▶

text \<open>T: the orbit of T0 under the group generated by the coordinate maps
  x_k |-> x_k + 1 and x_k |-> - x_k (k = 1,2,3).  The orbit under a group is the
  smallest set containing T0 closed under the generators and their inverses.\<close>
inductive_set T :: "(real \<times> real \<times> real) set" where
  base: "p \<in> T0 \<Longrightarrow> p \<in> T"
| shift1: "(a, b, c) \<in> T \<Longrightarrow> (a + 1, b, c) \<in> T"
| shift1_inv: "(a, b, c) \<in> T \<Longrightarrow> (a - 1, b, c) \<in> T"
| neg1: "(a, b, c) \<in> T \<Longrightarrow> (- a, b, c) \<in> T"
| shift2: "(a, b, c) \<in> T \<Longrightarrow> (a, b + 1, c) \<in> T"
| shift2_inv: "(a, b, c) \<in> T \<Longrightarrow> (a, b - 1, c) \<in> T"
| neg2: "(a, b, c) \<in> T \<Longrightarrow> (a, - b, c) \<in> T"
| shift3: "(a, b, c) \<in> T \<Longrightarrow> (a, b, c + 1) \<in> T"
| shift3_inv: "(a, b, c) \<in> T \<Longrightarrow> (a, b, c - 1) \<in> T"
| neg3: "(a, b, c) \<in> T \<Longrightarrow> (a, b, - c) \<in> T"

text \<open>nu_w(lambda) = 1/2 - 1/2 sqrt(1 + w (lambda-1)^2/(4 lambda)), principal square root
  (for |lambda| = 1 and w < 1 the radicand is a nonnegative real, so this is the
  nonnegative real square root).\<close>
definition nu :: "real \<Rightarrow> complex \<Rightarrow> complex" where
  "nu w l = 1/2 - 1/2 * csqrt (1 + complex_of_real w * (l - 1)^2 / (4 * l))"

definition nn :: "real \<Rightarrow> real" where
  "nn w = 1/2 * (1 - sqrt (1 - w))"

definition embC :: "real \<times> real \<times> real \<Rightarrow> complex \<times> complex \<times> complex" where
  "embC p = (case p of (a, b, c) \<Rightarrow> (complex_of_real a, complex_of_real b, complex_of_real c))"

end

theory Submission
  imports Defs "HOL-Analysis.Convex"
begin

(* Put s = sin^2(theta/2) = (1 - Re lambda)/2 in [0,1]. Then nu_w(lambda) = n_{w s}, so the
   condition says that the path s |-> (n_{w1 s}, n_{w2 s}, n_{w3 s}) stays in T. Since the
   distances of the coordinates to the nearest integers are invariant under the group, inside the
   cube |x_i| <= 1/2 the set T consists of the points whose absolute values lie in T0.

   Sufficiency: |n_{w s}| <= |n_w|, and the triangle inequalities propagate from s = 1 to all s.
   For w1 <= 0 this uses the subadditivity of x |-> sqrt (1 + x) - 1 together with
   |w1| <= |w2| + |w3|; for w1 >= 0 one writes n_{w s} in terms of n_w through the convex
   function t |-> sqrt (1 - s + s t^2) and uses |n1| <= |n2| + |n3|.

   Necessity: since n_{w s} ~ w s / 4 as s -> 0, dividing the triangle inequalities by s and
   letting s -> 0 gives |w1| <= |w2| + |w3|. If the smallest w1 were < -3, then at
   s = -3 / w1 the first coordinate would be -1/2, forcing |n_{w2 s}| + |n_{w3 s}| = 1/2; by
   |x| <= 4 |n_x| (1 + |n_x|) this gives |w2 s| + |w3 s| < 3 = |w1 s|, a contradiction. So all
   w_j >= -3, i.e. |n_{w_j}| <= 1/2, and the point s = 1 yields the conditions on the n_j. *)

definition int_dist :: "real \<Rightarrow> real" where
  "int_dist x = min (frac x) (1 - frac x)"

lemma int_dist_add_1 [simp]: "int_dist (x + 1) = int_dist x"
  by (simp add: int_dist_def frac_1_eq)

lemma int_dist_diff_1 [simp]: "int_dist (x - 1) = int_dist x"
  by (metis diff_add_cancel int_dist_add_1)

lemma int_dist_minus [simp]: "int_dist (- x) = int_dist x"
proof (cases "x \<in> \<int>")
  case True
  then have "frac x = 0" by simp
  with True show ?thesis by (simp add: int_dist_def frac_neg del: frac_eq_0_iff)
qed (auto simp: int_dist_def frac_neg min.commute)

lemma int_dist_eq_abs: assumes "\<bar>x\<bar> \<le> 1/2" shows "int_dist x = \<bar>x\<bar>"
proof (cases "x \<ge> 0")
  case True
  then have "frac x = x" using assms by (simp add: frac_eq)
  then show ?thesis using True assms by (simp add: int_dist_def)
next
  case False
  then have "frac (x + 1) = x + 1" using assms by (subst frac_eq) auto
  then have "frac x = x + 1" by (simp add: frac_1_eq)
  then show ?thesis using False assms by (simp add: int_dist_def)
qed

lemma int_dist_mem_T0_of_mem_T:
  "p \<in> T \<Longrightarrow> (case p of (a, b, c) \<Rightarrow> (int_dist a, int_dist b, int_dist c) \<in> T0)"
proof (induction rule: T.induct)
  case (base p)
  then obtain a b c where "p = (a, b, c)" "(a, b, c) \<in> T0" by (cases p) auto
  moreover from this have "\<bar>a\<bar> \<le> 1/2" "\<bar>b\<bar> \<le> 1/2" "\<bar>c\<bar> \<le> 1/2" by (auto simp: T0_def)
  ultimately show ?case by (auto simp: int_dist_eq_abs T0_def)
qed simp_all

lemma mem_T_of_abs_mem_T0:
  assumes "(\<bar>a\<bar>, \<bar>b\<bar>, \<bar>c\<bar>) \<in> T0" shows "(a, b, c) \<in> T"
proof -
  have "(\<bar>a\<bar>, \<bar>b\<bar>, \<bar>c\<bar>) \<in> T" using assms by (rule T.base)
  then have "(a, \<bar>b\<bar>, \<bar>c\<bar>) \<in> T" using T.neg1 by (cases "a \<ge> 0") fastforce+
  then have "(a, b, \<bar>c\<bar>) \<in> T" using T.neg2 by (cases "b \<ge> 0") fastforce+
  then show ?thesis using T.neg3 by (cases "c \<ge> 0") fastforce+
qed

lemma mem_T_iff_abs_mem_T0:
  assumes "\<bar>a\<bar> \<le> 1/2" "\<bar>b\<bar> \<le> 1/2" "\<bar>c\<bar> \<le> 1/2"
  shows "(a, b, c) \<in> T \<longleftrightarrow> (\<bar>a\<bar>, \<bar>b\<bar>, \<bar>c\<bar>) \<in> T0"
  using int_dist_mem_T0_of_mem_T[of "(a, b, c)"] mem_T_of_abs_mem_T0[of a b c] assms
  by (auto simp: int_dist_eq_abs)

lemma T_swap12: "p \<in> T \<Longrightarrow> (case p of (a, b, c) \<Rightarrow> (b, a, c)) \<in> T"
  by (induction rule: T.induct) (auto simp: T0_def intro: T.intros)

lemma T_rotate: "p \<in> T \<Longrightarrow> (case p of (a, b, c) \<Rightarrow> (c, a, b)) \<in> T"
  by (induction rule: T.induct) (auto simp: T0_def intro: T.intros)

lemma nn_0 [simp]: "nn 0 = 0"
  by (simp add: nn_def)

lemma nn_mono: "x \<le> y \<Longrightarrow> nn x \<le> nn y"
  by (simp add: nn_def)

◀
▶

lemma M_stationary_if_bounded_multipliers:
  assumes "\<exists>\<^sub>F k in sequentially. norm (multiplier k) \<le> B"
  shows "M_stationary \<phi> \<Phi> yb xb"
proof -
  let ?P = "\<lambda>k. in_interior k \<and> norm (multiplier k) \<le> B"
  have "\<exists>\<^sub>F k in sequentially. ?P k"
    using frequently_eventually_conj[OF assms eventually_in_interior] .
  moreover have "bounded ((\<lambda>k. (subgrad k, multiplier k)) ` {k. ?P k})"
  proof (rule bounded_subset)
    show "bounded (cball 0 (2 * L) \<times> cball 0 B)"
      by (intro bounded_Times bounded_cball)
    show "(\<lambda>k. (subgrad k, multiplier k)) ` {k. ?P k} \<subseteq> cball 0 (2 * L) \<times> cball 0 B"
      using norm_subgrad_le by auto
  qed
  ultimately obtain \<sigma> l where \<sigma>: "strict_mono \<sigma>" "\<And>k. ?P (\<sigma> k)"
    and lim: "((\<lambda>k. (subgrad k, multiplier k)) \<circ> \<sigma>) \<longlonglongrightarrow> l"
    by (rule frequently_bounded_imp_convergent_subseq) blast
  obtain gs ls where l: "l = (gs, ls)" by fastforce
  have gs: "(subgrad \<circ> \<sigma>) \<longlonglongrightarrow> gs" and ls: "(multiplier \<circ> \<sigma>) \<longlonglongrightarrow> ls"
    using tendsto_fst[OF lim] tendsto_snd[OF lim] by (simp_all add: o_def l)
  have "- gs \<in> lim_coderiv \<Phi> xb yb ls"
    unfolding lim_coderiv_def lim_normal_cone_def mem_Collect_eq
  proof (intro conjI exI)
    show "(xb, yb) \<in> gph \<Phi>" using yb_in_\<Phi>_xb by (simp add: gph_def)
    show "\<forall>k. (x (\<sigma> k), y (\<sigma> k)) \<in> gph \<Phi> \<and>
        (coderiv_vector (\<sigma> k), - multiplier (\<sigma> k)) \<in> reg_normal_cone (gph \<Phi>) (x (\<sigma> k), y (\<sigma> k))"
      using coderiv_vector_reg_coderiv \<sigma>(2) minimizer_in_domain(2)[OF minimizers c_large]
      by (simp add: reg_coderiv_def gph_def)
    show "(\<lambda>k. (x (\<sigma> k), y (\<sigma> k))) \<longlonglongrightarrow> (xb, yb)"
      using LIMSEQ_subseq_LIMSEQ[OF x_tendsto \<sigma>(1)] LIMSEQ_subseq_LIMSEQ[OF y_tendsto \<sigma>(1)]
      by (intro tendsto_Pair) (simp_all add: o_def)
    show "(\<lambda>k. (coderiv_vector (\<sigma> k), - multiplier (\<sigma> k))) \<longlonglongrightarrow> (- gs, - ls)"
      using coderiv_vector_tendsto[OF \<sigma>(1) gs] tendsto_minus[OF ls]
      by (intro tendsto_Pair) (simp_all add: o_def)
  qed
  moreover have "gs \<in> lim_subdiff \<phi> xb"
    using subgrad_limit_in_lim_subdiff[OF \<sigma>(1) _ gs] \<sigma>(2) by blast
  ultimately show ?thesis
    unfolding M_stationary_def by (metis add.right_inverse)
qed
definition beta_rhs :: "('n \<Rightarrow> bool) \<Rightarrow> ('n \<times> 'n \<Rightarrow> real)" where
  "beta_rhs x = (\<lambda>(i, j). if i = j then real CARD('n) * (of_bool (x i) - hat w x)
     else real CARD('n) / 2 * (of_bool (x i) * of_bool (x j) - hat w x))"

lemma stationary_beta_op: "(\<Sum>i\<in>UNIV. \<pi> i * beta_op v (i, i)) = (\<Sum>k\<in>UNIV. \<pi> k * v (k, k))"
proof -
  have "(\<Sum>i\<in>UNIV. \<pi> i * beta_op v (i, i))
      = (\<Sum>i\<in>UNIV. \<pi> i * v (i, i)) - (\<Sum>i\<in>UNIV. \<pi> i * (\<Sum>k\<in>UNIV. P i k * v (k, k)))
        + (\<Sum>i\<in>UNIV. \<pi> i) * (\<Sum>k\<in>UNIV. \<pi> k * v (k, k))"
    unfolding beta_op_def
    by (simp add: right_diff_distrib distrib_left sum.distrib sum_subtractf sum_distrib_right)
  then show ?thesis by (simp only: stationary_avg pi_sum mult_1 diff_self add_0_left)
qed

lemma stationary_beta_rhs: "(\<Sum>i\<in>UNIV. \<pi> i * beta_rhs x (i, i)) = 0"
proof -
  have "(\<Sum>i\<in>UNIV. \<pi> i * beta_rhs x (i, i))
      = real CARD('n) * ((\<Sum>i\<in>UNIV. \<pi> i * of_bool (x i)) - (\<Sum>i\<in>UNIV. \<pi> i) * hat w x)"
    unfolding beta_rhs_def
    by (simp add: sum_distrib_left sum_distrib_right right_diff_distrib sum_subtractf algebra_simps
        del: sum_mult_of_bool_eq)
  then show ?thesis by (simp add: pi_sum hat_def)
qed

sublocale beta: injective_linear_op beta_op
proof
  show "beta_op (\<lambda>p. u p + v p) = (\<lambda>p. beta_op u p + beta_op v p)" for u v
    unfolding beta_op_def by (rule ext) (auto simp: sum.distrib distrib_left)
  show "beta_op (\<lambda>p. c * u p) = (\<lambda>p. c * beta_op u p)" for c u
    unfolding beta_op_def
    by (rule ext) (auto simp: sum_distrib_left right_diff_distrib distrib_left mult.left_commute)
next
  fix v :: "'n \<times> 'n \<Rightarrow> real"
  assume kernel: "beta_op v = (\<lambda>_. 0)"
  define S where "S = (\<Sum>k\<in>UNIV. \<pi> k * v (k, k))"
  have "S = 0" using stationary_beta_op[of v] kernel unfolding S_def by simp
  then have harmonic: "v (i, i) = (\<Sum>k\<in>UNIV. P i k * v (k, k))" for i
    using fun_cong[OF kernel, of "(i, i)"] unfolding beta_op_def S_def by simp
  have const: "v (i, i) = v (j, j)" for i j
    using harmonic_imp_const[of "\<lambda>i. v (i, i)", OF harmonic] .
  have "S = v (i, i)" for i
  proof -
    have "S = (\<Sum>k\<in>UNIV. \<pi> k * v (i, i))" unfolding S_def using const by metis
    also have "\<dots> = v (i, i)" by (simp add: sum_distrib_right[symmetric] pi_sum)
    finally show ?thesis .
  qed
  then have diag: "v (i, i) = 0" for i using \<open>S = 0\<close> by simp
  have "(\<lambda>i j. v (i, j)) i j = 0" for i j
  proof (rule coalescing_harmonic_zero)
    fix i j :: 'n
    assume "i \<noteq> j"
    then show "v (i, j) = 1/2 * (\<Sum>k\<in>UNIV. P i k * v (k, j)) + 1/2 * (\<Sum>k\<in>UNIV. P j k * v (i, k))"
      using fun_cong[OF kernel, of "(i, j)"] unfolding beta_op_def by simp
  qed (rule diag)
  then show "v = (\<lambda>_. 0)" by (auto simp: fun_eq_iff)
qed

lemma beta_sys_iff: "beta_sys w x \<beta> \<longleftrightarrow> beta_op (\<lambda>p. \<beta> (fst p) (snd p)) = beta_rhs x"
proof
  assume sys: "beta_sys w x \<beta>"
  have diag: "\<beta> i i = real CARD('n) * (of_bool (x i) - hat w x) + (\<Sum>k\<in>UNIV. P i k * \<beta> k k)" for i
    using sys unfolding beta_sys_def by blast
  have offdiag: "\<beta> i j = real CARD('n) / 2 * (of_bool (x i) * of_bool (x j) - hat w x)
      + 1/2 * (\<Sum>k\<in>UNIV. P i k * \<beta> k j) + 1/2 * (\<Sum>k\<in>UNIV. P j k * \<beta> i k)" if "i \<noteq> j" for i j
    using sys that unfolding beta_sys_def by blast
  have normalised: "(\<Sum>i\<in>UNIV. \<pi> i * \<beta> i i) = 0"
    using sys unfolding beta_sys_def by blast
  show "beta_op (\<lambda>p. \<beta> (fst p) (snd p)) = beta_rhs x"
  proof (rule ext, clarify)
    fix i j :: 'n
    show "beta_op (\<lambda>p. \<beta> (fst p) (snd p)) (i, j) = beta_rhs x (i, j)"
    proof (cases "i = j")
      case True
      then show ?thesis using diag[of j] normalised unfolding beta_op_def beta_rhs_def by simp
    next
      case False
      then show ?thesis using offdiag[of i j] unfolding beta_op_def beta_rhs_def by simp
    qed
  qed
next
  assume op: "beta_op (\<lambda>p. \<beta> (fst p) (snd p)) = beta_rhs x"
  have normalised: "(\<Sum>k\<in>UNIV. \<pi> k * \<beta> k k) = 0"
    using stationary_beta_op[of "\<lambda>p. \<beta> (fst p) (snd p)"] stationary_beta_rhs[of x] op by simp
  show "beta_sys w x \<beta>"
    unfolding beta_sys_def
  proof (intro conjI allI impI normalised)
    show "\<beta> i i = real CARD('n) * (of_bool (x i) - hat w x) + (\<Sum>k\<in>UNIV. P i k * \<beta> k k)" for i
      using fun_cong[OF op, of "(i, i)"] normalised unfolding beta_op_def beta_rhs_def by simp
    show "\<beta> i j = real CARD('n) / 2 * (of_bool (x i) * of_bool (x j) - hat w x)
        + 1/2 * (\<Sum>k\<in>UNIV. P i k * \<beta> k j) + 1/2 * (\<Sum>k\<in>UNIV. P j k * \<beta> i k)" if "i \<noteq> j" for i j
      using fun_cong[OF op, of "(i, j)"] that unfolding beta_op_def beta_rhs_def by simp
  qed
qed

◀

Number of lines above containing "that": give it, with no other text.

**Expected output:**
3